▶ _Stored data_
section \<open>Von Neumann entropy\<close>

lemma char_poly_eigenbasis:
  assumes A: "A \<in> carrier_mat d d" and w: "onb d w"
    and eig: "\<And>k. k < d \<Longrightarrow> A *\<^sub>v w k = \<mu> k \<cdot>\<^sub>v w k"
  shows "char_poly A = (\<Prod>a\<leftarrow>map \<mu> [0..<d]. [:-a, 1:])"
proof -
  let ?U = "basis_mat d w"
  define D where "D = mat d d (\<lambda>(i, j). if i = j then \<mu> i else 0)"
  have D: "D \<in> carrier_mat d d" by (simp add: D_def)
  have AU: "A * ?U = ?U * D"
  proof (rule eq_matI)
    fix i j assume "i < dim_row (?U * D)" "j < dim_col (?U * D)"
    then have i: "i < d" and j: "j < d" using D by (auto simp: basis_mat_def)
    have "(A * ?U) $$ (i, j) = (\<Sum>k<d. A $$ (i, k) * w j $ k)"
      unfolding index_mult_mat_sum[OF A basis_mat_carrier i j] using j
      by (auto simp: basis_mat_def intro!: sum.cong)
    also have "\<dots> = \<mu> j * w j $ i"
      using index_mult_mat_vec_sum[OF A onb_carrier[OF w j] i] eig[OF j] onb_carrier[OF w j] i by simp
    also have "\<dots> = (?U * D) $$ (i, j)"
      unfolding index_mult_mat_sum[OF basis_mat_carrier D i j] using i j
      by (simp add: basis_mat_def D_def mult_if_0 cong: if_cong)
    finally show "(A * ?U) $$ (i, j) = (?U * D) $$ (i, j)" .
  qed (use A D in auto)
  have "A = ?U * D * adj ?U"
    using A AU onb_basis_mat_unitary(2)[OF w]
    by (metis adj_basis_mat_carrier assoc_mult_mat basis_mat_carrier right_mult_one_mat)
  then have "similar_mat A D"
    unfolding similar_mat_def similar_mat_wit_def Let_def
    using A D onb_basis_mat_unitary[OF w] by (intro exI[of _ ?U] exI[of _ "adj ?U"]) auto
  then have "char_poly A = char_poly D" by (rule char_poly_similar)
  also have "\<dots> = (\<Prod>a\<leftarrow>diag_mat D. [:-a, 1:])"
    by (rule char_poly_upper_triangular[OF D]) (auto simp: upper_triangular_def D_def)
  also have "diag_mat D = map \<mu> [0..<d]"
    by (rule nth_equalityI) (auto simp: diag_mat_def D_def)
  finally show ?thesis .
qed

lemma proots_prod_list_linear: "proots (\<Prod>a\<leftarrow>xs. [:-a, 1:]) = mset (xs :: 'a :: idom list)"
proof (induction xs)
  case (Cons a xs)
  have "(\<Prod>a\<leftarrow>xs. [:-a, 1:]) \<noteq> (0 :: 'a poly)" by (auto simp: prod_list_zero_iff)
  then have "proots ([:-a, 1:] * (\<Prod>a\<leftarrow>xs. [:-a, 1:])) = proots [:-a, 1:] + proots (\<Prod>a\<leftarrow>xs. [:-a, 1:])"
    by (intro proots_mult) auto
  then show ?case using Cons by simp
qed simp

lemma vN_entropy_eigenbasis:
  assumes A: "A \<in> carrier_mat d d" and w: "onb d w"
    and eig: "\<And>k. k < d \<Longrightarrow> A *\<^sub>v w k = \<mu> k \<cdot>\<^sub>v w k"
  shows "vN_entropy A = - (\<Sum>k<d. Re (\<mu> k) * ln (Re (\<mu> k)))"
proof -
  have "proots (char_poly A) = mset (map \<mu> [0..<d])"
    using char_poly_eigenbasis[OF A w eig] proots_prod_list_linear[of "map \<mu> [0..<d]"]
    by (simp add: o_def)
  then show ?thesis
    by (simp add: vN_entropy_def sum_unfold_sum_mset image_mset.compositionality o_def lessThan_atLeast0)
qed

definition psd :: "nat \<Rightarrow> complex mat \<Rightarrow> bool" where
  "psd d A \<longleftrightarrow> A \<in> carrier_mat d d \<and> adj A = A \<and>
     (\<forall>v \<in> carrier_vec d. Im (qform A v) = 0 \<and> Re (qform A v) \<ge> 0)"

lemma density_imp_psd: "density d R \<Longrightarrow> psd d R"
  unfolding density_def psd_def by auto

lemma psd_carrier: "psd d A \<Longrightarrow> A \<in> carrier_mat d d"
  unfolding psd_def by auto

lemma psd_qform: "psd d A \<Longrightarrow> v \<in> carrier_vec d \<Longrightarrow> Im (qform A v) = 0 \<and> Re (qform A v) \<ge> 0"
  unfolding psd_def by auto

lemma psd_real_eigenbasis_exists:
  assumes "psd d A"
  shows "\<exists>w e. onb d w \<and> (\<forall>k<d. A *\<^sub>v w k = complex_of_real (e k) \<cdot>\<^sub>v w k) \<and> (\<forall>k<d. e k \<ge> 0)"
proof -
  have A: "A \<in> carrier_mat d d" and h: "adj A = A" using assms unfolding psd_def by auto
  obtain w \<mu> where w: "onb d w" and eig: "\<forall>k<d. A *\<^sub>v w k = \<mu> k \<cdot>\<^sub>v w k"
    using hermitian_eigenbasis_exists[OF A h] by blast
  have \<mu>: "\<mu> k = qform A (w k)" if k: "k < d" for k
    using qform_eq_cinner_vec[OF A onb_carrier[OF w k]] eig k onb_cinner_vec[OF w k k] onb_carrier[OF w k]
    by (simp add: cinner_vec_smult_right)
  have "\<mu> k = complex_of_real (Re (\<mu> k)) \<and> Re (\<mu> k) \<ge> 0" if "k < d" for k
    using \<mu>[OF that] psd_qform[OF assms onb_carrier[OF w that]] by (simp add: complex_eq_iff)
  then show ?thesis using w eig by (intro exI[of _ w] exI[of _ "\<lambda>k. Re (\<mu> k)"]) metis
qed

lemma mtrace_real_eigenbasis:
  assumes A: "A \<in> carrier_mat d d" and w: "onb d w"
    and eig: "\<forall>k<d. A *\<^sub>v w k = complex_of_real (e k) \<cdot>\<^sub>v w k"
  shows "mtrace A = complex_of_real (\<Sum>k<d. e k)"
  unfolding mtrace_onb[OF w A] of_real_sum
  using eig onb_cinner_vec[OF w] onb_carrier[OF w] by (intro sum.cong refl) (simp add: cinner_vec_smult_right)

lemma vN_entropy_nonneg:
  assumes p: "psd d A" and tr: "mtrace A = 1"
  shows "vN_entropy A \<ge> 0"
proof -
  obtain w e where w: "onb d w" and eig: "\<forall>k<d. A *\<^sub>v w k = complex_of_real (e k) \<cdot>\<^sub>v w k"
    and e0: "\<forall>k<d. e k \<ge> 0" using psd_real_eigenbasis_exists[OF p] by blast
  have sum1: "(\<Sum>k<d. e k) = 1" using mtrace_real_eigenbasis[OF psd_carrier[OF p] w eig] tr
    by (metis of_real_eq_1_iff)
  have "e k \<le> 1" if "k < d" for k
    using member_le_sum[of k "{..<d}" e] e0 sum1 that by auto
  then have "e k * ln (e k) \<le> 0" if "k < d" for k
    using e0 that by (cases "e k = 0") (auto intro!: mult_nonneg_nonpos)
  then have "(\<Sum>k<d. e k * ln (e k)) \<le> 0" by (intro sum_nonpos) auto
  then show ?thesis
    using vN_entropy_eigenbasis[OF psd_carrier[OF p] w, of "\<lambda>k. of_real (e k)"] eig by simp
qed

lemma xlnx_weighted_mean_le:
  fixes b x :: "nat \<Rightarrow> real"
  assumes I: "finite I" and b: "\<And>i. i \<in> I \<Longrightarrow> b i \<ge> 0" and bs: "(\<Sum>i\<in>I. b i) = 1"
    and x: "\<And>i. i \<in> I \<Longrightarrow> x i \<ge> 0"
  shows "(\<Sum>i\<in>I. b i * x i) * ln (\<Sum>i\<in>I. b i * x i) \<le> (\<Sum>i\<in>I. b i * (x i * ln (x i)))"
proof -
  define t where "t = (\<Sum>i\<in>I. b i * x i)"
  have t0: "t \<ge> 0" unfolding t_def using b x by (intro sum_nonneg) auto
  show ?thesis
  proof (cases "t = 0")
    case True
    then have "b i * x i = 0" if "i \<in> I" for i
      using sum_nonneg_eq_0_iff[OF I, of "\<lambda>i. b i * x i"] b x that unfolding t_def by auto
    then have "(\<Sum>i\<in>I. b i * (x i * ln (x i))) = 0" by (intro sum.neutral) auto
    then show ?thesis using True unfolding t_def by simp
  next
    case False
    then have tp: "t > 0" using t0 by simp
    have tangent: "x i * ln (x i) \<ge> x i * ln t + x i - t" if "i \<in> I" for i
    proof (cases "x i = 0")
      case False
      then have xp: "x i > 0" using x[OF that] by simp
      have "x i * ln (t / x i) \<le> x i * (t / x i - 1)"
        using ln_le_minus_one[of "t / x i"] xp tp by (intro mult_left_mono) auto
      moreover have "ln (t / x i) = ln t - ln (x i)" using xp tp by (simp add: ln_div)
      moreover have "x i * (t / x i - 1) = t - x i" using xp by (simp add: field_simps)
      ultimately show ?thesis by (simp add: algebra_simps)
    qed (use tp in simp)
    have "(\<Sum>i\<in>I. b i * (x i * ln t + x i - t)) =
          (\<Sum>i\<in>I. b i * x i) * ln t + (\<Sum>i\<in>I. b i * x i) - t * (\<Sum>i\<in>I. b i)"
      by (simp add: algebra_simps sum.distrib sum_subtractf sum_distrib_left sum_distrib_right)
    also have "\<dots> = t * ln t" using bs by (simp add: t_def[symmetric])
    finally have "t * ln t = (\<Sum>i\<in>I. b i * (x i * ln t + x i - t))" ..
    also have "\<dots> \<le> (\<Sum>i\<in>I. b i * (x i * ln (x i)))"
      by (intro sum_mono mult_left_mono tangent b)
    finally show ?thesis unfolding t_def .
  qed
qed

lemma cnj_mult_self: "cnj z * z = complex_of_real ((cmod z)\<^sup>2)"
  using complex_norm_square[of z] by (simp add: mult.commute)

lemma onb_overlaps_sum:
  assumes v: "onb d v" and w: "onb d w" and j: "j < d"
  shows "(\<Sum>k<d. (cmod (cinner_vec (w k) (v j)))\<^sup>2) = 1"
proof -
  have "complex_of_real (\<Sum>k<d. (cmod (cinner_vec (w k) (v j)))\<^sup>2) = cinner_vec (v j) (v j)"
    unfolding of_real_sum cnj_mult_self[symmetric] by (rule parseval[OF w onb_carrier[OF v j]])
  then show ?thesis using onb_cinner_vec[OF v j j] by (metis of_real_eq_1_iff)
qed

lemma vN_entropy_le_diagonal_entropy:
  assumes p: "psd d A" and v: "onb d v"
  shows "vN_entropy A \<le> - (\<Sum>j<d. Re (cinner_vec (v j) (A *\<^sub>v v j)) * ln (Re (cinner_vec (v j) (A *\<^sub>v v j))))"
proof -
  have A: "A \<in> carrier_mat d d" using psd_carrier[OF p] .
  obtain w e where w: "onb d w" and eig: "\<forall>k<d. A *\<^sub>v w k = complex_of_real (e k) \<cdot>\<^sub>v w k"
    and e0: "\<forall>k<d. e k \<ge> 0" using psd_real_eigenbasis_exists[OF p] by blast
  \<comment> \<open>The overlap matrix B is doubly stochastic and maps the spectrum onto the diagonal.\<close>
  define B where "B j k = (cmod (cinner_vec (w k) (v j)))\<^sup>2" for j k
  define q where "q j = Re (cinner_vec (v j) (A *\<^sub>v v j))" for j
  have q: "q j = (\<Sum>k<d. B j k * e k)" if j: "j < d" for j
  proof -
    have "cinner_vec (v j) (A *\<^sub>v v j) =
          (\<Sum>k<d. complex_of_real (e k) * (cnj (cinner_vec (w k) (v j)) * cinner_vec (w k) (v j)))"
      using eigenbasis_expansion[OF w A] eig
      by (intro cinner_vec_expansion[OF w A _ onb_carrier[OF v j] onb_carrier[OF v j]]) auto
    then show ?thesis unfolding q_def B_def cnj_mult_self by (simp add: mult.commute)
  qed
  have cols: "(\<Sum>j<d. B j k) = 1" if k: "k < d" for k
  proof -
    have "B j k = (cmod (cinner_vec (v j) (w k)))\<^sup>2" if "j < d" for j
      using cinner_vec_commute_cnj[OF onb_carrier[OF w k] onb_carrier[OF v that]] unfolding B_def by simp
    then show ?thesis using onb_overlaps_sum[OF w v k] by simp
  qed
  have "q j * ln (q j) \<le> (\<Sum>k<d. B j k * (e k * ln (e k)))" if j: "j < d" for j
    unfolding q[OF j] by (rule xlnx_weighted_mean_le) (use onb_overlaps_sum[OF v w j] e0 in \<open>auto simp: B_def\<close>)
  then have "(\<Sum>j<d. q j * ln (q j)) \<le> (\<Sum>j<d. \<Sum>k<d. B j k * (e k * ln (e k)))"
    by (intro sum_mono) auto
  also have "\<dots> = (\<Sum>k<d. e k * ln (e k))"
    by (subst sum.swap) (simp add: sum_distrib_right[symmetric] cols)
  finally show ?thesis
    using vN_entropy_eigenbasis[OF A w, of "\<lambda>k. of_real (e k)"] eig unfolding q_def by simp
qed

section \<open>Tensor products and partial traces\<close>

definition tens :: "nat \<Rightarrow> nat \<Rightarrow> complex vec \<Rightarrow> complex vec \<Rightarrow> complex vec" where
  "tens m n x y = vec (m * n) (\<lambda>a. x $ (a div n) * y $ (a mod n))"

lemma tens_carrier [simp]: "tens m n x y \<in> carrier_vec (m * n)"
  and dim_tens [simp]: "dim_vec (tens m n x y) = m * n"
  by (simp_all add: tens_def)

▶ _Task prompt_
Return each line among the entries that holds the word "cols".

▶ _The completed task_
  have cols: "(\<Sum>j<d. B j k) = 1" if k: "k < d" for k
    by (subst sum.swap) (simp add: sum_distrib_right[symmetric] cols)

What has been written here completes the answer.